[[ DATA PROVIDED open ]]
lemma unif_attracting_if_infdist_less:
  fixes U :: "'s \<Rightarrow> real \<Rightarrow> real \<Rightarrow> 'a::metric_space \<Rightarrow> 'a"
  assumes "\<Sigma> \<noteq> {}" "K \<noteq> {}"
    and attr: "\<And>C e. bounded C \<Longrightarrow> e > 0 \<Longrightarrow> \<exists>T. \<forall>t \<tau>. \<tau> \<le> t \<longrightarrow> T \<le> t - \<tau> \<longrightarrow>
      (\<forall>\<sigma>\<in>\<Sigma>. \<forall>x\<in>C. infdist (U \<sigma> t \<tau> x) K < e)"
  shows "unif_attracting U \<Sigma> K"
  unfolding unif_attracting_def
proof (intro allI impI)
  fix C :: "'a set" and e :: real
  assume C: "bounded C \<and> C \<noteq> {}" and "e > 0"
  then obtain T where T: "\<forall>t \<tau>. \<tau> \<le> t \<longrightarrow> T \<le> t - \<tau> \<longrightarrow>
      (\<forall>\<sigma>\<in>\<Sigma>. \<forall>x\<in>C. infdist (U \<sigma> t \<tau> x) K < e/2)"
    using attr[of C "e/2"] by auto
  have "\<bar>SUP \<sigma>\<in>\<Sigma>. semidist (U \<sigma> t \<tau> ` C) K\<bar> < ereal e" if "\<tau> \<le> t \<and> t - \<tau> \<ge> T" for t \<tau>
  proof -
    let ?S = "SUP \<sigma>\<in>\<Sigma>. semidist (U \<sigma> t \<tau> ` C) K"
    obtain \<sigma> x where "\<sigma> \<in> \<Sigma>" "x \<in> C"
      using assms(1) C by blast
    then have "ereal (infdist (U \<sigma> t \<tau> x) K) \<le> ?S"
      using infdist_le_SUP_semidist[OF assms(2), where F="\<lambda>\<sigma>. U \<sigma> t \<tau> ` C"] by simp
    then have "0 \<le> ?S"
      by (rule order_trans[rotated]) (simp add: infdist_nonneg)
    have "?S \<le> ereal (e/2)"
      using T that by (intro SUP_semidist_le[OF assms(2)]) (auto simp: less_imp_le)
    also have "\<dots> < ereal e"
      using \<open>e > 0\<close> by simp
    finally show ?thesis
      using \<open>0 \<le> ?S\<close> by simp
  qed
  then show "\<exists>T. \<forall>t \<tau>. \<tau> \<le> t \<and> t - \<tau> \<ge> T \<longrightarrow>
      \<bar>SUP \<sigma>\<in>\<Sigma>. semidist (U \<sigma> t \<tau> ` C) K\<bar> < ereal e"
    by blast
qed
[[ DATA PROVIDED closed ]]
== WHAT IS NEEDED ==
Copy task for the entries above: every line with the string "intro".

== RESULT OF THE EXERCISE ==
proof (intro allI impI)
      using T that by (intro SUP_semidist_le[OF assms(2)]) (auto simp: less_imp_le)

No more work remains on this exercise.